Early the morning of June 17, 2020 Michael peacefully died. May his spirit expand onto the natural world that he worked so hard for and loved so much.
Serving as Round River Science Advisor and Board Member since 1991, we unabashedly utilized the science legend that was Michael. As we and others first worked to have such notions as conservation design, connectivity, and large-scale protection, be not just considerations but mandatory for the preservation of life, it was Michael who generously gave us a legitimate voice. More than any person of science, he has positively altered the work of all conservationists.

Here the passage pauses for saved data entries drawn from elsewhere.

(* Let $(M,\varphi,\xi,\eta,g)$ be a Sasakian manifold with nonnegative $\varphi$-bisectional curvature. Let $x\in M$ and $X,W\in T_xM$ be such that $\eta(X)=0$ and $X,\varphi X,W$ are mutually orthonormal. Then $$R(X,W,X,W)+R(\varphi X,W,\varphi X,W)\ge 0,$$ where $R(X,Y,Z,U)=g(R(X,Y)U,Z)$, so that $R(X,Y,X,Y)=g(R(X,Y)Y,X)$ is the sectional curvature of the plane spanned by orthonormal $X,Y$.
   Context: A Sasakian manifold $(M,\varphi,\xi,\eta,g)$ is a contact metric manifold satisfying $(\nabla_X\varphi)Y=g(X,Y)\xi-\eta(Y)X$. It has nonnegative $\varphi$-bisectional curvature if $K(X,Y)+K(X,\varphi Y)\ge 0$ for every $x\in M$ and all $X,Y\in T_xM$ such that $X,Y,\varphi Y,\xi_x$ are mutually orthonormal, where $K(X,Y)=g(R(X,Y)Y,X)$. *)

theory Defs
  imports "HOL-Analysis.Analysis"
begin

text \<open>
  Since all notions in the statement
  (Levi-Civita connection, curvature, the Sasakian condition, phi-bisectional curvature)
  are local, we work on an open set U of the coordinate space real^'n (a chart of M),
  with tensor fields given by their coordinate expressions.
  Metric: G p is the (symmetric, positive definite) Gram matrix at p, g_p(u,v) = u . (G p v).
  phi: Phi p is the matrix of the (1,1)-tensor phi at p; xi is a vector field;
  eta p is the coefficient vector of the 1-form eta at p, eta_p(v) = eta p . v.
\<close>

fun Ck :: "nat \<Rightarrow> 'a::real_normed_vector set \<Rightarrow> ('a \<Rightarrow> 'b::real_normed_vector) \<Rightarrow> bool" where
  "Ck 0 U f = continuous_on U f"
| "Ck (Suc k) U f = (f differentiable_on U \<and> (\<forall>v. Ck k U (\<lambda>p. frechet_derivative f (at p) v)))"
(* Let $\gamma$ be an $n\times m$ integer matrix satisfying conditions (i) and (ii), and let $a\in\mathcal{A}(\gamma)^\pm$ be homogeneous of some degree $g\in\mathbb{Z}^m$. If $a^\ast a=0$, then $a=0$.
   Context: $\Bbbk$ is an algebraically closed field of characteristic $0$. Fix $p,q\ge0$, $n=p+q$, a sign $\pm$, $\mp=-\pm$; $p(i)=0$ for $i\le p$, $p(i)=1$ for $i>p$. $\lambda_{ij}=\mp(-1)^{p(i)p(j)}$; $R=R^\pm_{p|q}=\Bbbk[u_1,\dots,u_n]/(u_i^2-u_i\mid\lambda_{ii}=-1)$; $\tau_i\in\mathrm{Aut}(R)$ with $\tau_i(u_i)=\lambda_{ii}(u_i-1)$, $\tau_i(u_j)=u_j$ ($j\ne i$). TGW algebras: for a TGW datum $(R,\sigma,t)$ (commuting automorphisms $\sigma_i$, central $t_i$) and nonzero scalars $\mu_{ij}$ ($i\ne j$), $\mathcal{A}_\mu(R,\sigma,t)$ is the quotient of the $R$-ring generated by $X_i,Y_i$ with relations $X_ir=\sigma_i(r)X_i$, $Y_ir=\sigma_i^{-1}(r)Y_i$, $Y_iX_i=t_i$, $X_iY_i=\sigma_i(t_i)$, $X_iY_j=\mu_{ij}Y_jX_i$ ($i\ne j$), graded by $\deg X_i=\mathbf{e}_i=-\deg Y_i$, $\deg R=0$, by the largest graded ideal meeting the degree-zero part trivially. The family $\mathcal{A}(\gamma)^\pm$: $\gamma=(\gamma_{ji})$ is an $n\times m$ integer matrix with (i) $|\gamma_{ji}|\le1$ whenever $\lambda_{jj}=-1$, and (ii) for all $i\ne i'$, either $\gamma_{ki}\gamma_{ki'}<0$ for some $k$ with $\lambda_{kk}=-1$, or $\gamma_{ki}\gamma_{ki'}\le0$ for all $k$. Then $\mathcal{A}(\gamma)^\pm=\mathcal{A}_\mu(R,\sigma,t)$ with index set $\{1,\dots,m\}$, $\sigma_i=\tau_1^{\gamma_{1i}}\cdots\tau_n^{\gamma_{ni}}$, $t_i=\prod_{j=1}^nu_{ji}$ with $u_{ji}=(u_j+\gamma_{ji}-1)\cdots(u_j+1)u_j$ if $\gamma_{ji}>0$, $1$ if $\gamma_{ji}=0$, $(u_j-|\gamma_{ji}|)\cdots(u_j-1)$ if $\gamma_{ji}<0$; and $\mu_{ij}=(\mp1)^{p'(i)p'(j)}(-1)^{\bar p(i)\bar p(j)}$ with $\bar p(i)=\sum_k\gamma_{ki}p(k)\bmod2$, $p'(i)=\sum_k\gamma_{ki}\bmod2$. Since $\mu$ is symmetric, $\mathcal{A}(\gamma)^\pm$ carries the involution $\ast$ (additive, $(ab)^\ast=b^\ast a^\ast$, $(a^\ast)^\ast=a$) with $X_i^\ast=Y_i$, $Y_i^\ast=X_i$, $r^\ast=r$ for $r\in R$. *)

theory Defs
  imports "HOL-Library.Poly_Mapping" "HOL-Computational_Algebra.Polynomial"
begin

Sitting leaning up against a slick rock wall in the Hoanib River in the Kunene Region of Namibia, after some rather close encounters with Desert Elephants, Michael shared one of his biggest goals in life, that being brought to tears every day rather by pure joy or out of compassionate sadness. On another occasion in the Lockhart-Gordon estuary on the coast of British Columbia, after some rather close encounters with grizzly bears, Michael explained how he had come to dislike his published notion of minimum-viable-populations. He regretted the usage of minimums, as everything in nature should be about achieving maximums, not minimums. These sentiments embodied Michael seamlessly blending the Zen Buddhist with the scientist.
Michael, I hope we have made you proud as we pledge to continue your work. We love you.
Biography
A Zen Buddhist and “Professor Emeritus of Environmental Studies, University of California, Santa Cruz, Michael was born, raised, and educated in California. After spending much of his youth in the canyons, deserts, and intertidal of San Diego and Baja California, and after graduating from San Diego State, he went to Stanford to study population biology and evolution under Paul Ehrlich.
Upon receiving his Ph.D. at Stanford, Michael went to Africa to help found the first university in Malawi. He has also taught in Samoa, the Universities of California at both San Diego and Santa Cruz, and the University of Michigan. He also did field work on insects, lizards, birds, and mammals in Africa, Mexico, the Adriatic, the West Indies, and in California and Colorado.
Michael was a founder of the Society for Conservation Biology and The Wildlands Project and was the president of both. He wrote and edited 9 books on biology, conservation biology, and the social and policy context of conservation. He published more than 170 articles on population and evolutionary biology, fluctuating asymmetry, population genetics, island biogeography, environmental studies, biodiversity policy, nature conservation, and ethics. He was a Fellow of both the American Association for the Advancement of Science and the American Academy of Arts and Sciences, received a Guggenheim Fellowship, was the sixth recipient of the Archie Carr Medal, was named by Audubon Magazine in 1998 as one of the 100 Champions of Conservation of the 20th Century, a recipient of the National Wildlife Federation’s National Conservation Achievement Award for science, the Conservation Medal for 2007 from the Zoological Society of San Diego and the first recipient of Round River’s Aldo Award.
Michael also served on the boards of several other conservation organizations, including the Wildlands Network, and consulted internationally on nature protection. He was also co-chair of the Science Council for Australia’s WildCountry Project.